Coleman R A, Wang P, Bhat B G
Department of Nutrition, The University of North Carolina, Chapel Hill 27599-7400, USA.
Biochemistry. 1998 Apr 28;37(17):5916-22. doi: 10.1021/bi9802972.
The activity of hepatic monoacylglycerol acyltransferase (MGAT) (EC 2.3.1.22), a developmentally expressed microsomal enzyme, is inhibited by long-chain fatty acids, and stimulated by its product 1, 2-diacyl-sn-glycerol. Because the quantities of fatty acids and diacylglycerols are likely to vary in membranes during different physiological conditions and could thereby alter MGAT activity, we examined their combined effects on MGAT in Triton X-100/phospholipid mixed micelles. MGAT's product, 1,2-diC18:1-sn-glycerol, which is also normally a cooperative activator of the activity, reversed the 50% inhibition caused by 10 mol % oleic acid. The presence of oleic acid also allowed low concentrations (<10 mol %) of 1, 2-diC18:1-sn-glycerol to stimulate MGAT activity without the lag that is observed in the absence of fatty acid. At 12.6 mol %, 1, 2-monoC18:1-sn-glycerol ether, which alone has no effect on MGAT activity, became an activator in the presence of 10 mol % oleic acid. Kinetic studies revealed that in the presence of 15 mol % oleic acid, 1,2-diC18:1-sn-glycerol ether increased the apparent Vmax by 3. 8-fold while minimally altering the apparent Km for palmitoyl-CoA. Other neutral lipids including tri-C18:1-glycerol, ceramide, and cholesterol oleate did not stimulate MGAT in either the presence or the absence of fatty acid. Assay conditions altered MGAT's apparent relative preferences for potential monoradylglycerol substrates.

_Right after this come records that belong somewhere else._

(* For every integer $k \geq 8$ that is divisible by four, \[ f\left(n,k,\binom{k}{2} - k/2 + 1\right) = \Omega\left(n^{2 - 8/k}\right). \]
   Context: For positive integers $n,k,\ell$, $f(n,k,\ell)$ denotes the minimum number of colors $|C|$ in a coloring $\chi:E\to C$ of the edges of the complete graph $K_n=(V,E)$ such that every set of $k$ vertices of $V$ spans (in the induced complete subgraph $K_k$) edges of at least $\ell$ distinct colors. The parameter $k$ is fixed and the asymptotic notation refers to $n\to\infty$ (implied constants may depend on $k$). *)

theory Defs
  imports "HOL-Analysis.Analysis" "HOL-Library.Landau_Symbols"
begin

definition edges_of :: "nat set \<Rightarrow> nat set set" where
  "edges_of S = {e. e \<subseteq> S \<and> card e = 2}"

definition good_colouring :: "nat \<Rightarrow> nat \<Rightarrow> nat \<Rightarrow> (nat set \<Rightarrow> nat) \<Rightarrow> bool" where
  "good_colouring n k l col \<longleftrightarrow>
     (\<forall>S. S \<subseteq> {..<n} \<and> card S = k \<longrightarrow> card (col ` edges_of S) \<ge> l)"

definition f :: "nat \<Rightarrow> nat \<Rightarrow> nat \<Rightarrow> nat" where
  "f n k l = (LEAST c. \<exists>col. good_colouring n k l col \<and> card (col ` edges_of {..<n}) = c)"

The presence of phospholipids and of MGAT's 1,2-diacyl-sn-glycerol product increased the enzyme's apparent preference for its 2-monoacyl-sn-glycerol substrate by selectively increasing the apparent Vmax 2.7-fold only when 2-monoC18:1-sn-glycerol was the substrate. Thus, in addition to previously reported regulation of MGAT by phospholipids and intracellular lipid second messengers, these studies lend additional support to the hypothesis that changes in other membrane-associated lipids, such as long-chain fatty acids and diradylglycerols, may also profoundly alter the activity of MGAT.

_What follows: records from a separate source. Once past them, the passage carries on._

(* Let $p$ be an odd prime, $n\ge1$, $G=\mu_{p^n}$ and let $\mathcal{P}$ be a unital partition of $G$ satisfying condition (p). Let $0\le k\le n-1$, fix $A\in\mathcal{P}_k$ and a generator $x$ of $G$ with $y:=x^{p^k}\in A$, and let $b_k$ be the integer with $u_k=\phi(p^{b_k})$. Then for every integer $i$, $$A_{i,k}=\{x^{p^k(\alpha^i+sp^{b_k})}\mid s=0,1,\dots,p^{n-k-b_k}-1\}.$$
   Context: A unital partition of a finite commutative group $G$ is a partition $G=\{1\}\sqcup A_0\sqcup\dots\sqcup A_s$ such that, with $a_i=\sum_{x\in A_i}x\in\mathbb{Z}[G]$, the $\mathbb{Z}$-span of $1$ and the $a_i$ is closed under multiplication in $\mathbb{Z}[G]$. Condition (p): $|B|$ is a power of $p$ for every $B\in\mathcal{P}$. $B_k=\{x^{p^k}\mid x\text{ a generator of }G\}$, $\mathcal{P}_k=\{B\in\mathcal{P}\mid B\cap B_k\neq\emptyset\}$. Fix an integer $\alpha$ generating $(\mathbb{Z}/p^n\mathbb{Z})^\times$; $u_k$ is the smallest positive integer with $y^{\alpha^{u_k}}\in A$; under (p) one has $u_k=\phi(p^{b_k})$ with $1\le b_k\le n-k$. For $X\subseteq G$, $X^m=\{z^m:z\in X\}$, and $A_{i,k}:=A^{\alpha^i}$. *)

theory Defs
  imports "HOL-Number_Theory.Number_Theory"
begin

text \<open>Model: G = mu_N (N = p^n) is identified with Z/NZ via a fixed primitive N-th root
  zeta: the element zeta^j is represented by j in {0..<N}. Multiplication in G becomes
  addition mod N, and z^m becomes (m*z) mod N.  Elements of Z[G] are functions
  nat => int (coefficients), supported on {0..<N}.\<close>

definition grp :: "nat \<Rightarrow> nat set" where
  "grp N = {0..<N}"

definition gconv :: "nat \<Rightarrow> (nat \<Rightarrow> int) \<Rightarrow> (nat \<Rightarrow> int) \<Rightarrow> nat \<Rightarrow> int" where
  "gconv N f g z = (if z < N then (\<Sum>a<N. f a * g ((z + N - a) mod N)) else 0)"

text \<open>Z-span of the block sums a_B = sum_{x in B} x (the block {1} gives the unit 1).\<close>
definition zspan :: "nat set set \<Rightarrow> (nat \<Rightarrow> int) set" where
  "zspan P = {f. \<exists>c :: nat set \<Rightarrow> int. f = (\<lambda>z. \<Sum>B\<in>P. (if z \<in> B then c B else 0))}"

definition unital_partition :: "nat \<Rightarrow> nat set set \<Rightarrow> bool" where
  "unital_partition N P \<longleftrightarrow>
     (\<forall>B\<in>P. B \<noteq> {} \<and> B \<subseteq> grp N) \<and>
     (\<forall>B\<in>P. \<forall>C\<in>P. B \<noteq> C \<longrightarrow> B \<inter> C = {}) \<and>
     \<Union>P = grp N \<and>
     {0} \<in> P \<and>
     (\<forall>f\<in>zspan P. \<forall>g\<in>zspan P. gconv N f g \<in> zspan P)"

definition cond_p :: "nat \<Rightarrow> nat set set \<Rightarrow> bool" where
  "cond_p p P \<longleftrightarrow> (\<forall>B\<in>P. \<exists>e. card B = p ^ e)"

definition gens :: "nat \<Rightarrow> nat set" where
  "gens N = {x \<in> grp N. coprime x N}"

definition setpow :: "nat \<Rightarrow> nat set \<Rightarrow> nat \<Rightarrow> nat set" where
  "setpow N X m = (\<lambda>z. (m * z) mod N) ` X"

definition Bk :: "nat \<Rightarrow> nat \<Rightarrow> nat \<Rightarrow> nat set" where
  "Bk p n k = setpow (p ^ n) (gens (p ^ n)) (p ^ k)"

definition Pk :: "nat \<Rightarrow> nat \<Rightarrow> nat set set \<Rightarrow> nat \<Rightarrow> nat set set" where
  "Pk p n P k = {B \<in> P. B \<inter> Bk p n k \<noteq> {}}"

text \<open>The residue of a^i modulo N for an integer exponent i (a a unit mod N);
  negative exponents are realised via a^(totient N) = 1 mod N.\<close>
definition upow :: "nat \<Rightarrow> int \<Rightarrow> int \<Rightarrow> nat" where
  "upow N a i = nat ((a mod int N) ^ nat (i mod int (totient N)) mod int N)"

肝脏单酰甘油酰基转移酶(MGAT)(EC 2.3.1.22)是一种在发育过程中表达的微粒体酶,其活性受长链脂肪酸抑制,受其产物1,2 - 二酰基 - sn - 甘油刺激。由于在不同生理条件下,膜中脂肪酸和二酰甘油的量可能会发生变化,从而可能改变MGAT活性,因此我们在Triton X - 100/磷脂混合胶束中研究了它们对MGAT的联合作用。MGAT的产物1,2 - 二C18:1 - sn - 甘油,通常也是该活性的协同激活剂,可逆转由10 mol%油酸引起的50%抑制作用。油酸的存在还使得低浓度(<10 mol%)的1,2 - 二C18:1 - sn - 甘油能够刺激MGAT活性,而不会出现无脂肪酸时所观察到的延迟。在12.6 mol%时,单独对MGAT活性无影响的1,2 - 单C18:1 - sn - 甘油醚在存在10 mol%油酸时成为激活剂。动力学研究表明,在存在15 mol%油酸的情况下,1,2 - 二C18:1 - sn - 甘油醚使表观Vmax增加了3.8倍,而对棕榈酰辅酶A的表观Km影响最小。其他中性脂质,包括三 - C18:1 - 甘油、神经酰胺和胆固醇油酸酯,在有或无脂肪酸的情况下均不刺激MGAT。测定条件改变了MGAT对潜在单酰甘油底物的表观相对偏好。磷脂和MGAT的1,2 - 二酰基 - sn - 甘油产物的存在通过仅在2 - 单C18:1 - sn - 甘油作为底物时选择性地将表观Vmax提高2.7倍,增加了该酶对其2 - 单酰 - sn - 甘油底物的表观偏好。因此,除了先前报道的磷脂和细胞内脂质第二信使对MGAT的调节作用外,这些研究进一步支持了以下假设:其他与膜相关的脂质,如长链脂肪酸和二酰甘油的变化,也可能深刻改变MGAT的活性。